Unlike high-level frameworks, @tarko/agent gives you complete control to customize Agent behavior.

Architecture Overview

mermaid
flowchart TD
    A[User Input] --> B[Agent.run]
    B --> C[Message History]
    C --> D[LLM Request]
    D --> E{Tool Calls?}
    E -->|Yes| F[Tool Execution]
    E -->|No| G[Generate Response]
    F --> H[Tool Results]
    H --> I{Max Iterations?}
    I -->|No| D
    I -->|Yes| G
    G --> J[Event Stream]
    
    J --> K[UI Updates]
    J --> L[Logging]
    J --> M[Monitoring]
    
    style A fill:#e1f5fe
    style G fill:#c8e6c9
    style F fill:#fff3e0
    style J fill:#f3e5f5

Install

bash
npm install @tarko/agent

Core Features

  1. Tool Integration - Effortlessly create and call tools within agent responses, supporting complex multi-step workflows.
  2. Event-Stream Driven - Based on standard event stream protocols, real-time tracking of Agent state for efficient context and UI building.
  3. Native Streaming - Native streaming transmission lets you understand the Agent's thinking process and output results in real time.
  4. Multimodal Analysis - Automatically analyze multimodal tool results (images, text, files, etc.), letting you focus on business logic.
  5. Strong Extension Capabilities - Rich lifecycle hook design allows you to implement more advanced Agent behaviors.
  6. Multiple Model Providers - Supports OpenAI, Claude, Doubao and other models, with advanced configuration and runtime switching.
  7. Multiple Tool Call Engines - native: OpenAI-compatible native function calling; prompt_engineering: Prompt-based tool calling; structured_outputs: JSON Schema structured outputs.

Quick Start

Create a index.ts:

ts
import { Agent, Tool, z, LogLevel } from '@tarko/agent';

const locationTool = new Tool({
  id: 'getCurrentLocation',
  description: "Get user's current location",
  parameters: z.object({}),
  function: async () => {
    return { location: 'Boston' };
  },
});

const weatherTool = new Tool({
  id: 'getWeather',
  description: 'Get weather information for a specified location',
  parameters: z.object({
    location: z.string().describe('Location name, such as city name'),
  }),
  function: async (input) => {
    const { location } = input;
    return {
      location,
      temperature: '70°F (21°C)',
      condition: 'Sunny',
      precipitation: '10%',
      humidity: '45%',
      wind: '5 mph',
    };
  },
});

const agent = new Agent({
  model: {
    provider: 'openai',
    id: 'gpt-4o',
    apiKey: process.env.OPENAI_API_KEY!, // From environment variable
  },
  tools: [locationTool, weatherTool],
  instructions: 'You are a professional weather assistant capable of getting accurate location and weather information.',
  temperature: 0.7,
  maxIterations: 50,
});

async function main() {
  const response = await agent.run({
    input: "How's the weather today?",
  });
  console.log(response);
}

main();

Execute it:

bash
npx tsx index.ts

Output:

json
{
  "id": "5c38c0a1-ccbe-48f0-8b97-ae78a4d9407e",
  "type": "assistant_message",
  "timestamp": 1750188571248,
  "content": "The weather in Boston today is sunny with a temperature of 70°F (21°C).
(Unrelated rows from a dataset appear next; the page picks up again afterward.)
(* Let $k\in\mathbb{N}$ and $\tilde P,\tilde Q\in\mathbb{R}[x]$. There exist $P,Q\in\mathbb{C}[x]$ satisfying (i) $\deg P\le k$, $\deg Q\le k-1$; (ii) $P$ has parity $(k\bmod 2)$ and $Q$ has parity $(k-1\bmod 2)$; (iii) $|P(x)|^2+(1-x^2)|Q(x)|^2=1$ for all $x\in[-1,1]$; and moreover $\Re[P]=\tilde P$, $\Re[Q]=\tilde Q$, if and only if $\tilde P,\tilde Q$ satisfy (i) and (ii) (with $\tilde P,\tilde Q$ in place of $P,Q$) and (vi) for all $x\in[-1,1]$: $\tilde P(x)^2+(1-x^2)\tilde Q(x)^2\le 1$.
   Context: For $P(x)=\sum_j a_jx^j\in\mathbb{C}[x]$, $\Re[P](x):=\sum_j \Re(a_j)x^j$. A polynomial is even (odd) if all its odd-power (even-power) coefficients vanish; the zero polynomial is both; parity $z$ means even if $z$ even and odd if $z$ odd. *)

theory Defs
  imports "HOL-Analysis.Analysis" "HOL-Computational_Algebra.Polynomial"
begin

text \<open>Degree bound with the convention deg 0 = -infinity: all coefficients of
  index exceeding d vanish (d may be negative, e.g. k - 1 for k = 0).\<close>
definition deg_le :: "'a::zero poly \<Rightarrow> int \<Rightarrow> bool" where
  "deg_le p d \<longleftrightarrow> (\<forall>j. int j > d \<longrightarrow> coeff p j = 0)"

definition even_poly :: "'a::zero poly \<Rightarrow> bool" where
  "even_poly p \<longleftrightarrow> (\<forall>j. odd j \<longrightarrow> coeff p j = 0)"

definition odd_poly :: "'a::zero poly \<Rightarrow> bool" where
  "odd_poly p \<longleftrightarrow> (\<forall>j. even j \<longrightarrow> coeff p j = 0)"

definition has_parity :: "'a::zero poly \<Rightarrow> int \<Rightarrow> bool" where
  "has_parity p z \<longleftrightarrow> (if even z then even_poly p else odd_poly p)"

definition Re_poly :: "complex poly \<Rightarrow> real poly" where
  "Re_poly p = map_poly Re p"

end

theory Submission
  imports Defs "HOL-Computational_Algebra.Fundamental_Theorem_Algebra"
begin

text \<open>Writing \<open>P = P\<^sub>0 + i A\<close> and \<open>Q = Q\<^sub>0 + i B\<close> with real \<open>A\<close>, \<open>B\<close>, the identity becomes
  \<open>A\<^sup>2 + (1 - x\<^sup>2) B\<^sup>2 = R\<close> where \<open>R = 1 - P\<^sub>0\<^sup>2 - (1 - x\<^sup>2) Q\<^sub>0\<^sup>2\<close> is even and nonnegative on \<open>[-1, 1]\<close>.
  So \<open>R(x) = S(x\<^sup>2)\<close> with \<open>S \<ge> 0\<close> on \<open>[0, 1]\<close>, and \<open>S\<close> splits into factors \<open>t - r\<close> with
  \<open>r \<notin> (0, 1)\<close> (up to sign), \<open>(t - r)\<^sup>2\<close> with \<open>r \<in> (0, 1)\<close> (interior roots have even multiplicity)
  and \<open>|t - z|\<^sup>2\<close> with \<open>z\<close> nonreal. Each factor, evaluated at \<open>t = x\<^sup>2\<close>, is of the form
  \<open>A\<^sup>2 + (1 - x\<^sup>2) B\<^sup>2\<close> with the right degrees and parities, and such representations multiply by
  Brahmagupta's identity \<open>(a\<^sup>2 + w b\<^sup>2)(c\<^sup>2 + w d\<^sup>2) = (a c + w b d)\<^sup>2 + w (a d - b c)\<^sup>2\<close>.\<close>

lemma coeff_pcompose_neg:
  fixes p :: "'a::comm_ring_1 poly"
  shows "coeff (p \<circ>\<^sub>p [:0, -1:]) j = (-1) ^ j * coeff p j"
proof (induction p arbitrary: j)
  case (pCons a p)
  then show ?case
    by (cases j) (auto simp: pcompose_pCons mult_pCons_left coeff_pCons)
qed simp

lemma coeff_pcompose_x_sq:
  fixes p :: "'a::comm_semiring_1 poly"
  shows "coeff (p \<circ>\<^sub>p [:0, 0, 1:]) j = (if even j then coeff p (j div 2) else 0)"
proof (induction p arbitrary: j)
  case (pCons a p)
  then show ?case
    by (cases j)
      (auto simp: pcompose_pCons mult_pCons_left coeff_pCons split: nat.split elim!: evenE oddE)
qed simp

lemma pcompose_neg_eq_smult_iff:
  fixes p :: "real poly"
  shows "p \<circ>\<^sub>p [:0, -1:] = smult ((-1) ^ m) p \<longleftrightarrow> (\<forall>j. even j \<noteq> even m \<longrightarrow> coeff p j = 0)"
proof -
  have "(-1) ^ j * c = (-1) ^ m * c \<longleftrightarrow> (even j \<noteq> even m \<longrightarrow> c = 0)" for j m and c :: real
    by (cases "even j"; cases "even m") auto
  then show ?thesis
    by (simp add: poly_eq_iff coeff_pcompose_neg)
qed

lemma has_parity_iff_pcompose_neg:
  fixes p :: "real poly"
  shows "has_parity p (int m mod 2) \<longleftrightarrow> p \<circ>\<^sub>p [:0, -1:] = smult ((-1) ^ m) p"
  unfolding pcompose_neg_eq_smult_iff has_parity_def even_poly_def odd_poly_def by auto

lemma int_minus_one_mod_2: "(int k - 1) mod 2 = int (Suc k) mod 2"
  by presburger

lemma even_poly_eq_pcompose_x_sq:
  fixes R :: "'a::comm_semiring_1 poly"
  assumes "even_poly R"
  obtains S where "R = S \<circ>\<^sub>p [:0, 0, 1:]" "\<And>j. coeff S j = coeff R (2 * j)"
proof -
  define S where "S = Poly (map (\<lambda>j. coeff R (2 * j)) [0..<Suc (degree R)])"
  have coeff_S: "coeff S j = coeff R (2 * j)" for j
    by (cases "j < Suc (degree R)") (auto simp: S_def nth_default_def coeff_eq_0 simp del: upt_Suc)
  have "R = S \<circ>\<^sub>p [:0, 0, 1:]"
    using assms by (intro poly_eqI) (auto simp: coeff_pcompose_x_sq coeff_S even_poly_def)
  then show thesis using coeff_S by (rule that)
qed

lemma deg_le_iff: "deg_le p d \<longleftrightarrow> p = 0 \<or> int (degree p) \<le> d"
proof
  assume "deg_le p d"
  then show "p = 0 \<or> int (degree p) \<le> d"
    unfolding deg_le_def by (metis leading_coeff_0_iff not_le)
qed (auto simp: deg_le_def intro: coeff_eq_0)

lemma deg_le_add: "deg_le p d \<Longrightarrow> deg_le q d \<Longrightarrow> deg_le (p + q) d"
  by (simp add: deg_le_def)

lemma deg_le_diff:
  fixes p q :: "'a::ab_group_add poly"
  shows "deg_le p d \<Longrightarrow> deg_le q d \<Longrightarrow> deg_le (p - q) d"
  by (simp add: deg_le_def)

lemma deg_le_mult:
  fixes p q :: "'a::idom poly"
  shows "deg_le p a \<Longrightarrow> deg_le q b \<Longrightarrow> deg_le (p * q) (a + b)"
  unfolding deg_le_iff by (cases "p = 0 \<or> q = 0") (auto simp: degree_mult_eq)

lemma deg_le_one_minus_x_sq: "deg_le (1 - [:0, 0, 1:]) 2"
  unfolding deg_le_def by (auto simp: coeff_pCons coeff_1 split: nat.split)

definition parity_sos :: "nat \<Rightarrow> real poly \<Rightarrow> bool" where
  "parity_sos k R \<longleftrightarrow> (\<exists>A B. deg_le A (int k) \<and> deg_le B (int k - 1) \<and>
     A \<circ>\<^sub>p [:0, -1:] = smult ((-1) ^ k) A \<and> B \<circ>\<^sub>p [:0, -1:] = smult ((-1) ^ Suc k) B \<and>
     R = A\<^sup>2 + (1 - [:0, 0, 1:]) * B\<^sup>2)"

lemma parity_sosI:
  assumes "deg_le A (int k)" "deg_le B (int k - 1)"
    and "A \<circ>\<^sub>p [:0, -1:] = smult ((-1) ^ k) A" "B \<circ>\<^sub>p [:0, -1:] = smult ((-1) ^ Suc k) B"
    and "\<And>x. poly R x = (poly A x)\<^sup>2 + (1 - x\<^sup>2) * (poly B x)\<^sup>2"
  shows "parity_sos k R"
proof -
  have "R = A\<^sup>2 + (1 - [:0, 0, 1:]) * B\<^sup>2"
    using assms(5) by (intro poly_ext) (simp add: power2_eq_square)
  with assms(1-4) show ?thesis
    unfolding parity_sos_def by blast
qed

lemma parity_sos_mult:
  assumes "parity_sos p R" "parity_sos q R'"
  shows "parity_sos (p + q) (R * R')"
proof -
  let ?w = "1 - [:0, 0, 1:] :: real poly"
  from assms obtain A B C D where
    A: "deg_le A (int p)" "A \<circ>\<^sub>p [:0, -1:] = smult ((-1) ^ p) A" and
    B: "deg_le B (int p - 1)" "B \<circ>\<^sub>p [:0, -1:] = smult ((-1) ^ Suc p) B" and
    C: "deg_le C (int q)" "C \<circ>\<^sub>p [:0, -1:] = smult ((-1) ^ q) C" and
    D: "deg_le D (int q - 1)" "D \<circ>\<^sub>p [:0, -1:] = smult ((-1) ^ Suc q) D" and
    R: "R = A\<^sup>2 + ?w * B\<^sup>2" "R' = C\<^sup>2 + ?w * D\<^sup>2"
    unfolding parity_sos_def by metis
  have w: "?w \<circ>\<^sub>p [:0, -1:] = ?w"
    by (simp add: pcompose_pCons pcompose_diff pcompose_1)
  have "R * R' = (A * C + ?w * B * D)\<^sup>2 + ?w * (A * D - B * C)\<^sup>2"
    unfolding R by (simp add: algebra_simps power2_eq_square)
  moreover have "deg_le (A * C + ?w * B * D) (int (p + q))"
  proof (rule deg_le_add)
    show "deg_le (A * C) (int (p + q))"
      using deg_le_mult[OF A(1) C(1)] by simp
    show "deg_le (?w * B * D) (int (p + q))"
      using deg_le_mult[OF deg_le_mult[OF deg_le_one_minus_x_sq B(1)] D(1)] by simp
  qed
  moreover have "deg_le (A * D - B * C) (int (p + q) - 1)"
    using deg_le_mult[OF A(1) D(1)] deg_le_mult[OF B(1) C(1)]
    by (intro deg_le_diff) (simp_all add: algebra_simps)
  moreover have "(A * C + ?w * B * D) \<circ>\<^sub>p [:0, -1:] = smult ((-1) ^ (p + q)) (A * C + ?w * B * D)"
    by (simp only: pcompose_add pcompose_mult A(2) B(2) C(2) D(2) w power_add
        mult_smult_left mult_smult_right smult_add_right smult_smult) (simp add: algebra_simps)
  moreover have "(A * D - B * C) \<circ>\<^sub>p [:0, -1:] = smult ((-1) ^ Suc (p + q)) (A * D - B * C)"
    by (simp only: pcompose_diff pcompose_mult A(2) B(2) C(2) D(2) power_add power_Suc
        mult_smult_left mult_smult_right smult_diff_right smult_smult) (simp add: algebra_simps)
  ultimately show ?thesis
    unfolding parity_sos_def by blast
qed

lemma parity_sos_const: "0 \<le> c \<Longrightarrow> parity_sos 0 [:c:]"
  by (rule parity_sosI[where A = "[:sqrt c:]" and B = 0])
    (auto simp: deg_le_def coeff_pCons split: nat.split)

lemma parity_sos_linear:
  assumes "0 \<le> c" "0 \<le> c + d"
  shows "parity_sos 1 ([:c, d:] \<circ>\<^sub>p [:0, 0, 1:])"
proof (rule parity_sosI[where A = "[:0, sqrt (c + d):]" and B = "[:sqrt c:]"])
  fix x :: real
  show "poly ([:c, d:] \<circ>\<^sub>p [:0, 0, 1:]) x
      = (poly [:0, sqrt (c + d):] x)\<^sup>2 + (1 - x\<^sup>2) * (poly [:sqrt c:] x)\<^sup>2"
    using assms by (simp add: poly_pcompose power_mult_distrib power2_eq_square algebra_simps)
qed (auto simp: deg_le_def coeff_pCons pcompose_pCons split: nat.split)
There's a 10% chance of precipitation, humidity is at 45%, and the wind is blowing at 5 mph.",
  "finishReason": "stop",
  "messageId": "msg_1750188570877_ics24k3x"
}

API

Agent

Define an Agent instance:

ts
const agent = new Agent({
  /* AgentOptions */
});

Agent Options

Based on the actual AgentOptions interface from the source code, all options are optional:

Basic Configuration
  • id: Unique identifier for the agent instance (default: "@tarko/agent")
  • name: Agent name for tracking and logging (default: "Anonymous")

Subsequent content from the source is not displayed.